Abordant les dispositions relatives aux mineurs, elle a souligné que le projet de loi, conformément au principe général d'atténuation de la responsabilité pénale pour les mineurs âgés de treize à dix-huit ans, posé par l'ordonnance du 2 février 1945, prévoyait expressément une diminution de moitié des peines minimales. Toutefois, elle a rappelé que la loi du 5 mars 2007 relative à la prévention de la délinquance a facilité l'exclusion de cette atténuation de responsabilité, en prévoyant que le tribunal pour enfants pouvait, dans certaines conditions, dès la première récidive, écarter l'atténuation de la peine sans motivation, et en supprimant la notion de « cas exceptionnels » pour la mise en oeuvre de l'exclusion. Après avoir déclaré que le projet de loi maintenait ce régime tout en élargissant la liste des infractions auxquelles il s'applique, elle a relevé que le projet de loi prévoyait de plein droit l'application des peines des majeurs aux mineurs de seize ans reconnus coupables d'une deuxième récidive. Toutefois, a-t-elle nuancé, la juridiction pourra rétablir l'atténuation de peine, soit par décision spécialement motivée du tribunal pour enfants, soit par une décision de la cour d'assises après s'être prononcée sur l'opportunité d'appliquer à l'accusé le bénéfice de la diminution de peine.

a souligné la conformité du texte aux exigences constitutionnelles en matière de justice des mineurs, c'est-à-dire l'atténuation de la responsabilité pénale des mineurs en fonction de l'âge, la majorité pénale demeurant à dix-huit ans, la nécessité de rechercher des mesures éducatives adaptées, ainsi que le jugement par des juridictions pour mineurs spécialisées.

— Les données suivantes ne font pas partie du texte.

lemma step_large:
  assumes N: "1 \<le> N" and y1: "1 \<le> norm y" and yN: "norm y \<le> real N powr (1 / (2 * c))"
  shows "norm (tamed_step N y v)
    \<le> norm y * exp (L / real N + (L * (norm v)\<^sup>2 + (y \<bullet> (\<sigma> y *v v)) / (norm y)\<^sup>2))"
proof -
  define h where "h = T / real N"
  define q where "q = m0 + 2 * c"
  have Npos: "0 < real N" using N by simp
  have h0: "0 < h" using T_pos Npos by (simp add: h_def)
  have p2: "(norm y powr c)\<^sup>2 \<le> real N"
  proof -
    have "(norm y powr c)\<^sup>2 = norm y powr (2 * c)"
      by (simp add: power2_eq_square powr_add[symmetric])
    also have "\<dots> \<le> (real N powr (1 / (2 * c))) powr (2 * c)"
      using y1 yN c_pos by (intro powr_mono2) auto
    also have "\<dots> = real N" using c_pos Npos by (simp add: powr_powr)
    finally show ?thesis .
  qed
  have drift_size: "h\<^sup>2 * (norm (\<mu> y))\<^sup>2 \<le> (T\<^sup>2 * q\<^sup>2 / real N) * (norm y)\<^sup>2"
  proof -
    have "(norm (\<mu> y))\<^sup>2 \<le> (q * (norm y * norm y powr c))\<^sup>2"
      using drift_growth[OF y1] by (intro power_mono) (auto simp: q_def)
    also have "\<dots> = q\<^sup>2 * (norm y)\<^sup>2 * (norm y powr c)\<^sup>2" by (simp add: power_mult_distrib)
    also have "\<dots> \<le> q\<^sup>2 * (norm y)\<^sup>2 * real N" using p2 by (intro mult_left_mono) auto
    finally have "h\<^sup>2 * (norm (\<mu> y))\<^sup>2 \<le> h\<^sup>2 * (q\<^sup>2 * (norm y)\<^sup>2 * real N)"
      by (intro mult_left_mono) auto
    also have "\<dots> = (T\<^sup>2 * q\<^sup>2 / real N) * (norm y)\<^sup>2"
      using Npos by (simp add: h_def power2_eq_square field_simps)
    finally show ?thesis .
  qed
  have noise_size: "norm (\<sigma> y *v v) \<le> (s0 + c) * norm y * norm v"
  proof -
    have "s0 \<le> norm y * s0" using mult_right_mono[OF y1 opnorm_nonneg[of "\<sigma> 0"]] by simp
    hence "s0 + c * norm y \<le> (s0 + c) * norm y" by (simp add: algebra_simps)
    hence "(s0 + c * norm y) * norm v \<le> (s0 + c) * norm y * norm v" by (simp add: mult_right_mono)
    thus ?thesis using lipschitz_matrix_growth[OF sigma_lip, of y v] by simp
  qed
  have "norm (tamed_step N y v)
     \<le> norm y * exp (h * (c + m0) + T\<^sup>2 * q\<^sup>2 / real N + (s0 + c)\<^sup>2 * (norm v)\<^sup>2
                      + (y \<bullet> (\<sigma> y *v v)) / (norm y)\<^sup>2)"
    unfolding tamed_step_def h_def[symmetric]
    by (rule tamed_step_exp_bound[OF y1 h0 drift_inner_bound[OF y1] _ drift_size noise_size])
      (use c_pos opnorm_nonneg[of "\<sigma> 0"] in auto)
  also have "\<dots> \<le> norm y * exp (L / real N + (L * (norm v)\<^sup>2 + (y \<bullet> (\<sigma> y *v v)) / (norm y)\<^sup>2))"
  proof -
    have "h * (c + m0) + T\<^sup>2 * q\<^sup>2 / real N = (T * (c + m0) + T\<^sup>2 * q\<^sup>2) / real N"
      by (simp add: h_def add_divide_distrib)
    also have "\<dots> \<le> L / real N"
      using lambda_bounds(2) Npos by (intro divide_right_mono) (auto simp: q_def)
    finally have "h * (c + m0) + T\<^sup>2 * q\<^sup>2 / real N \<le> L / real N" .
    moreover have "(s0 + c)\<^sup>2 * (norm v)\<^sup>2 \<le> L * (norm v)\<^sup>2"
      using lambda_bounds(1) by (intro mult_right_mono) auto
    ultimately show ?thesis by (intro mult_left_mono) auto
  qed
  finally show ?thesis .
qed

lemma step_small:
  assumes N: "1 \<le> N" and y1: "norm y < 1" and v1: "norm v \<le> 1"
  shows "norm (tamed_step N y v) \<le> L"
proof -
  define h where "h = T / real N"
  have h0: "0 < h" and hT: "h \<le> T"
    using T_pos N by (auto simp: h_def divide_le_eq)
  have "norm (\<mu> y) \<le> m0 + 2 * c"
  proof -
    have "norm (\<mu> y - \<mu> 0) \<le> c * (1 + 1 powr c) * norm y"
      using polynomial_derivative_mvt[OF mu_deriv mu'_growth c_pos, of y 1] y1 by simp
    also have "\<dots> \<le> 2 * c" using y1 c_pos by simp
    finally show ?thesis using norm_triangle_ineq2[of "\<mu> y" "\<mu> 0"] by simp
  qed
  hence drift: "norm ((h / (1 + h * norm (\<mu> y))) *\<^sub>R \<mu> y) \<le> T * (m0 + 2 * c)"
  proof -
    have "norm ((h / (1 + h * norm (\<mu> y))) *\<^sub>R \<mu> y) = h / (1 + h * norm (\<mu> y)) * norm (\<mu> y)"
      using h0 by simp
    also have "\<dots> \<le> h * norm (\<mu> y)"
      using h0 by (intro mult_right_mono) (auto simp: divide_le_eq)
    also have "\<dots> \<le> T * (m0 + 2 * c)"
      using \<open>norm (\<mu> y) \<le> m0 + 2 * c\<close> hT h0 by (intro mult_mono) auto
    finally show ?thesis .
  qed
  have noise: "norm (\<sigma> y *v v) \<le> s0 + c"
  proof -
    have "(s0 + c * norm y) * norm v \<le> (s0 + c) * 1"
      using y1 v1 c_pos opnorm_nonneg[of "\<sigma> 0"] by (intro mult_mono) auto
    thus ?thesis using lipschitz_matrix_growth[OF sigma_lip, of y v] by simp
  qed
  have "norm (tamed_step N y v)
      \<le> norm y + norm ((h / (1 + h * norm (\<mu> y))) *\<^sub>R \<mu> y) + norm (\<sigma> y *v v)"
    unfolding tamed_step_def h_def[symmetric]
    using norm_triangle_ineq[of "y + (h / (1 + h * norm (\<mu> y))) *\<^sub>R \<mu> y" "\<sigma> y *v v"]
      norm_triangle_ineq[of y "(h / (1 + h * norm (\<mu> y))) *\<^sub>R \<mu> y"] by linarith
  thus ?thesis using y1 drift noise lambda_bounds(3) by linarith
qed

section \<open>The restart invariant on \<Omega>_n\<close>

definition noise_exponent :: "nat \<Rightarrow> ('a \<Rightarrow> real^'d) \<Rightarrow> (real \<Rightarrow> 'a \<Rightarrow> real^'m) \<Rightarrow> nat \<Rightarrow> 'a \<Rightarrow> real"
  where "noise_exponent N \<xi> W k \<omega> = L * (norm (dW T N W k \<omega>))\<^sup>2 + alphaN \<mu> \<sigma> T N \<xi> W k \<omega>"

Elle a conclu en indiquant que le projet de loi serait complété par un dispositif soumettant certaines personnes condamnées, notamment pour infractions sexuelles, à une injonction de soins, ajoutant que cette mesure, que la juridiction pourrait toujours écarter, serait subordonnée à une expertise psychiatrique concluant à la possibilité d'un traitement.